Finding null space of a given matrix

[Maxwhale]

Homework Statement

Find null space of A, NS(A) and sketch NS(A) in R2 or R3.

A = [1 3 2; 2 6 4]

Homework Equations

AX = 0

The Attempt at a Solution

I know the second row is twice the first one. I tried to solve for x1, x2 and x3 putting everything in the form of AX =0. I did not get a confident answer to sketch.

 

[morphism]

What did you get?

 

[Maxwhale]

since there are three variables, x1, x2 and x3, i reduced them to row echelon presuming that x3=0 and then got x1=0 and x3=0. Is that a right way?

 

[morphism]

What do you mean? The null space of A is a set.

 

[HallsofIvy]

Either say NS(A) is the set of vectors (x, y, z) such that ... or, perhaps simpler, give a basis for the Null Space.

 

[FourierX]

We are not that far yet. We have not covered basis. I would really appreciate if you could put it simply so that i could understand. Please :)

 

[HallsofIvy]

Homework Statement

Find null space of A, NS(A) and sketch NS(A) in R2 or R3.

A = [1 3 2; 2 6 4]

Homework Equations

AX = 0

The Attempt at a Solution

I know the second row is twice the first one. I tried to solve for x1, x2 and x3 putting everything in the form of AX =0. I did not get a confident answer to sketch.

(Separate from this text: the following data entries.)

(* Let $k\geq 2$ be an integer. The generating function $\sum_{n\geq 0} h_{n,k}x^n$, where $h_{n,k}$ is the number of Hertzsprung words of length $n$ over $k$, equals \[\left(1-\frac{kx}{1+3x}-\frac{2x^{2}}{(1+3x)^{2}}\cdot\frac{U_{k}\!\left(-\frac{1+x}{2x}\right)-U_{k-1}\!\left(-\frac{1+x}{2x}\right)-1}{U_{k}\!\left(-\frac{1+x}{2x}\right)}\right)^{-1}.\]
   Context: For an integer $k\geq 2$, $[k]=\{1,\ldots,k\}$ and a word over $k$ of length $n$ is an element $w=w_1\cdots w_n\in[k]^n$ (including the empty word for $n=0$). $\mathrm{s}(w)$ is the number of indices $1\leq i\leq n-1$ with $|w_{i+1}-w_i|\leq 1$. A word $w$ is called Hertzsprung if $\mathrm{s}(w)=0$, i.e., any two consecutive letters differ by at least $2$. $U_n$ denotes the Chebyshev polynomial of the second kind: $U_0(x)=1$, $U_1(x)=2x$, $U_{n+1}(x)=2xU_n(x)-U_{n-1}(x)$. *)

theory Defs
  imports "HOL-Analysis.Analysis"
begin

definition words :: "nat \<Rightarrow> nat \<Rightarrow> nat list set" where
  "words k n = {w. length w = n \<and> set w \<subseteq> {1..k}}"

text \<open>s(w): number of indices i (1 <= i <= n-1) with |w_(i+1) - w_i| <= 1 (0-based here).\<close>
definition s_stat :: "nat list \<Rightarrow> nat" where
  "s_stat w = card {i. i + 1 < length w \<and> \<bar>int (w ! (i+1)) - int (w ! i)\<bar> \<le> 1}"

definition hertzsprung :: "nat list \<Rightarrow> bool" where
  "hertzsprung w \<longleftrightarrow> s_stat w = 0"

definition h :: "nat \<Rightarrow> nat \<Rightarrow> nat" where
  "h n k = card {w \<in> words k n. hertzsprung w}"

fun chebyU :: "nat \<Rightarrow> real \<Rightarrow> real" where
  "chebyU 0 x = 1"
| "chebyU (Suc 0) x = 2 * x"
| "chebyU (Suc (Suc n)) x = 2 * x * chebyU (Suc n) x - chebyU n x"

end

theory Submission
  imports Defs
begin

text \<open>Write \<open>g(n, j)\<close> (\<open>h_start n k j\<close>) for the number of Hertzsprung words of length
  \<open>n + 1\<close> with first letter \<open>j\<close>. Deleting the first letter gives
  \<open>g(n+1, j) = h(n+1) - g(n, j-1) - g(n, j) - g(n, j+1)\<close>, so the generating functions
  \<open>H = \<Sum> h(n) x^n\<close> (\<open>h_gf\<close>) and \<open>G_j = \<Sum> g(n, j) x^n\<close> (\<open>h_start_gf\<close>) satisfy
  \<open>H = 1 + x \<Sum>_j G_j\<close> together with the tridiagonal boundary value problem
  \<open>x G_(j-1) + (1 + x) G_j + x G_(j+1) = H\<close>, \<open>G_0 = G_(k+1) = 0\<close>.
  For small \<open>x\<close> this system is diagonally dominant, so by the discrete maximum principle its
  solution is unique. It is \<open>H v_j\<close>, where \<open>v_j\<close> is built from the Chebyshev values
  \<open>U_(j-1)(y)\<close>, \<open>y = -(1+x)/(2x)\<close>, which solve the homogeneous recurrence.
  The sum of the \<open>v_j\<close> telescopes, and \<open>H = 1 / (1 - x \<Sum>_j v_j)\<close> is the claimed formula.\<close>

lemma hertzsprung_iff:
  "hertzsprung w \<longleftrightarrow> (\<forall>i. i + 1 < length w \<longrightarrow> 2 \<le> \<bar>int (w ! (i+1)) - int (w ! i)\<bar>)"
proof -
  have "finite {i. i + 1 < length w \<and> \<bar>int (w ! (i+1)) - int (w ! i)\<bar> \<le> 1}"
    by (rule finite_subset[of _ "{..<length w}"]) auto
  then show ?thesis
    unfolding hertzsprung_def s_stat_def by (auto simp: card_eq_0_iff)
qed

lemma hertzsprung_Nil [simp]: "hertzsprung []"
  and hertzsprung_single [simp]: "hertzsprung [a]"
  by (simp_all add: hertzsprung_iff)

lemma hertzsprung_Cons_Cons [simp]:
  "hertzsprung (a # b # w) \<longleftrightarrow> 2 \<le> \<bar>int b - int a\<bar> \<and> hertzsprung (b # w)"
  unfolding hertzsprung_iff by (auto simp: All_less_Suc2 nth_Cons')

lemma Nil_in_words [simp]: "[] \<in> words k n \<longleftrightarrow> n = 0"
  and Cons_in_words [simp]: "a # w \<in> words k n \<longleftrightarrow> a \<in> {1..k} \<and> 0 < n \<and> w \<in> words k (n - 1)"
  by (auto simp: words_def)

lemma finite_words [simp]: "finite (words k n)"
  and card_words: "card (words k n) = k ^ n"
proof -
  have "words k n = {w. set w \<subseteq> {1..k} \<and> length w = n}"
    by (auto simp: words_def)
  then show "finite (words k n)" "card (words k n) = k ^ n"
    by (simp_all add: finite_lists_length_eq card_lists_length_eq)
qed

lemma h_le_power: "h n k \<le> k ^ n"
  unfolding h_def by (metis (no_types, lifting) card_mono card_words finite_words mem_Collect_eq subsetI)

lemma h_0 [simp]: "h 0 k = 1"
proof -
  have "{w \<in> words k 0. hertzsprung w} = {[]}"
    by (auto simp: words_def)
  then show ?thesis
    by (simp add: h_def)
qed

definition h_start :: "nat \<Rightarrow> nat \<Rightarrow> nat \<Rightarrow> nat" where
  "h_start n k j = card {w \<in> words k (Suc n). hertzsprung w \<and> hd w = j}"

lemma h_start_le_power: "h_start n k j \<le> k ^ Suc n"
  unfolding h_start_def
  by (metis (no_types, lifting) card_mono card_words finite_words mem_Collect_eq subsetI)

lemma hd_in_letters: "w \<in> words k (Suc n) \<Longrightarrow> hd w \<in> {1..k}"
  by (cases w) auto

lemma h_start_eq_0: "j \<notin> {1..k} \<Longrightarrow> h_start n k j = 0"
  unfolding h_start_def using hd_in_letters by force

lemma h_start_0: "j \<in> {1..k} \<Longrightarrow> h_start 0 k j = 1"
proof -
  assume "j \<in> {1..k}"
  then have "{w \<in> words k 1. hertzsprung w \<and> hd w = j} = {[j]}"
    by (auto simp: words_def length_Suc_conv)
  then show ?thesis
    by (simp add: h_start_def)
qed

lemma h_Suc_eq_sum_h_start: "h (Suc n) k = (\<Sum>j\<in>{1..k}. h_start n k j)"
proof -
  have "{w \<in> words k (Suc n). hertzsprung w}
      = (\<Union>j\<in>{1..k}. {w \<in> words k (Suc n). hertzsprung w \<and> hd w = j})"
    using hd_in_letters by blast
  then show ?thesis
    unfolding h_def h_start_def by (simp only:) (rule card_UN_disjoint, auto)
qed

lemma h_start_Suc:
  assumes "j \<in> {1..k}"
  shows "h_start (Suc n) k j = (\<Sum>i\<in>{i\<in>{1..k}. 2 \<le> \<bar>int i - int j\<bar>}. h_start n k i)"
proof -
  let ?S = "\<lambda>i. {w \<in> words k (Suc n). hertzsprung w \<and> hd w = i}"
  have "{w \<in> words k (Suc (Suc n)). hertzsprung w \<and> hd w = j}
      = Cons j ` (\<Union>i\<in>{i\<in>{1..k}. 2 \<le> \<bar>int i - int j\<bar>}. ?S i)"
  proof (intro equalityI subsetI)
    fix w assume "w \<in> {w \<in> words k (Suc (Suc n)). hertzsprung w \<and> hd w = j}"
    then obtain b v where "w = j # b # v" "b # v \<in> words k (Suc n)"
      "hertzsprung (b # v)" "2 \<le> \<bar>int b - int j\<bar>"
      by (auto simp: words_def length_Suc_conv)
    then show "w \<in> Cons j ` (\<Union>i\<in>{i\<in>{1..k}. 2 \<le> \<bar>int i - int j\<bar>}. ?S i)"
      using hd_in_letters by fastforce
  next
    fix w assume "w \<in> Cons j ` (\<Union>i\<in>{i\<in>{1..k}. 2 \<le> \<bar>int i - int j\<bar>}. ?S i)"
    then obtain b v where "w = j # b # v" "b # v \<in> words k (Suc n)"
      "hertzsprung (b # v)" "2 \<le> \<bar>int b - int j\<bar>"
      by (auto simp: words_def length_Suc_conv)
    then show "w \<in> {w \<in> words k (Suc (Suc n)). hertzsprung w \<and> hd w = j}"
      using assms by (auto simp: abs_minus_commute)
  qed
  then show ?thesis
    unfolding h_start_def by (simp add: card_image) (rule card_UN_disjoint, auto)
qed

lemma h_start_recurrence:
  assumes j: "j \<in> {1..k}"
  shows "h_start (Suc n) k j + (h_start n k (j - 1) + h_start n k j + h_start n k (j + 1))
       = h (Suc n) k"
proof -
  have "(\<Sum>i\<in>{i\<in>{1..k}. \<not> 2 \<le> \<bar>int i - int j\<bar>}. h_start n k i)
      = (\<Sum>i\<in>{j - 1, j, j + 1}. h_start n k i)"
    by (rule sum.mono_neutral_left) (auto intro!: h_start_eq_0)
  also have "\<dots> = h_start n k (j - 1) + h_start n k j + h_start n k (j + 1)"
    using j by (cases j) auto
  finally show ?thesis
    using h_start_Suc[OF j, of n] h_Suc_eq_sum_h_start[of n k]
      sum.Int_Diff[of "{1..k}" "h_start n k" "{i. 2 \<le> \<bar>int i - int j\<bar>}"]
    by (simp add: Int_def set_diff_eq conj_commute)
qed

lemma summable_power_series_bounded:
  fixes f :: "nat \<Rightarrow> nat"
  assumes "\<And>n. f n \<le> C * k ^ n" and "real k * \<bar>x\<bar> < 1"
  shows "summable (\<lambda>n. real (f n) * x ^ n)"
proof (rule summable_comparison_test')
  show "summable (\<lambda>n. real C * (real k * \<bar>x\<bar>) ^ n)"
    using assms(2) by (intro summable_mult summable_geometric) simp
  show "norm (real (f n) * x ^ n) \<le> real C * (real k * \<bar>x\<bar>) ^ n" for n
  proof -
    have "real (f n) \<le> real C * real k ^ n"
      using assms(1)[of n] by (metis of_nat_le_iff of_nat_mult of_nat_power)
    then have "real (f n) * \<bar>x\<bar> ^ n \<le> real C * real k ^ n * \<bar>x\<bar> ^ n"
      by (simp add: mult_right_mono)
    then show ?thesis
      by (simp add: abs_mult power_abs power_mult_distrib mult.assoc)
  qed
qed

definition h_gf :: "nat \<Rightarrow> real \<Rightarrow> real" where
  "h_gf k x = (\<Sum>n. real (h n k) * x ^ n)"

definition h_start_gf :: "nat \<Rightarrow> nat \<Rightarrow> real \<Rightarrow> real" where
  "h_start_gf k j x = (\<Sum>n. real (h_start n k j) * x ^ n)"

lemma h_gf_sums: "real k * \<bar>x\<bar> < 1 \<Longrightarrow> (\<lambda>n. real (h n k) * x ^ n) sums h_gf k x"
  unfolding h_gf_def
  by (rule summable_sums, rule summable_power_series_bounded[where C = 1]) (simp_all add: h_le_power)

lemma h_start_gf_sums:
  "real k * \<bar>x\<bar> < 1 \<Longrightarrow> (\<lambda>n. real (h_start n k j) * x ^ n) sums h_start_gf k j x"
  unfolding h_start_gf_def
  by (rule summable_sums, rule summable_power_series_bounded[where C = k])
     (use h_start_le_power in auto)

lemma h_start_gf_eq_0: "j \<notin> {1..k} \<Longrightarrow> h_start_gf k j x = 0"
  by (simp add: h_start_gf_def h_start_eq_0)

lemma h_gf_eq:
  assumes "real k * \<bar>x\<bar> < 1"
  shows "h_gf k x = 1 + x * (\<Sum>j\<in>{1..k}. h_start_gf k j x)"
proof -
  have "(\<lambda>n. real (h (Suc n) k) * x ^ Suc n) sums (h_gf k x - 1)"
    using h_gf_sums[OF assms] sums_Suc_iff[of "\<lambda>n. real (h n k) * x ^ n"] by simp
  moreover have "(\<lambda>n. real (h (Suc n) k) * x ^ Suc n)
               = (\<lambda>n. x * (\<Sum>j\<in>{1..k}. real (h_start n k j) * x ^ n))"
    by (simp add: h_Suc_eq_sum_h_start sum_distrib_left sum_distrib_right mult_ac)
  moreover have "\<dots> sums (x * (\<Sum>j\<in>{1..k}. h_start_gf k j x))"
    by (intro sums_mult sums_sum h_start_gf_sums assms)
  ultimately show ?thesis
    using sums_unique2 by fastforce
qed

since there are three variables, x1, x2 and x3, i reduced them to row echelon presuming that x3=0 and then got x1=0 and x3=0. Is that a right way?

You cannot assume x3 equals any specific number. The nullspace of A is all vectors <x1, x2, x3> such that
$$\left[\begin{array}{ccc} 1 & 3 & 2 \\ 2 & 6 & 4 \end{array}\right]\left[\begin{array}{c} x1 \\ x2 \\ x3\end{array}\right]= \left[\begin{array}{c}0 \\ 0 \\ 0 \end{array}\right]$$

You can row reduce that as you said you did: the bottom row will be 0, of course, the top row [1 3 2 0] which corresponds to the equation x1+ 3X2+ 2X3= 0. Since that is single equation in 3 unknown numbers, you can choose two of them to be whatever you want and solve for the third. If x2= 1 and x3= 0, what is x1?. If x2= 0 and x3= 1, what is x1?

What is the dimension of NP(A)? What is a basis for NP(A).
You can,

 

[only_huce]

The matrix A which you gave has one pivot column making the other two columns free.

n-r = 3-1 = 2, the dimension of the nullspace is 2.

Set the free variables to 1 and 0, and use back substitution to find the missing variable in your nullspace vector. You should get:

s_1 = [-3, 1, 0] and s_2 = [-2, 0, 1], with dimension 2.

I'm pretty sure that's right.

 

[HallsofIvy]

We are not that far yet. We have not covered basis. I would really appreciate if you could put it simply so that i could understand. Please :)

If you do not know what a basis is then I guess that by "find the null space" you are meant to just write the equation satisfied by points in the null space. As you said, the two equations are equivalent so any such point must satisfy x+ 3y+ 2z= 0.

What is the graph of that?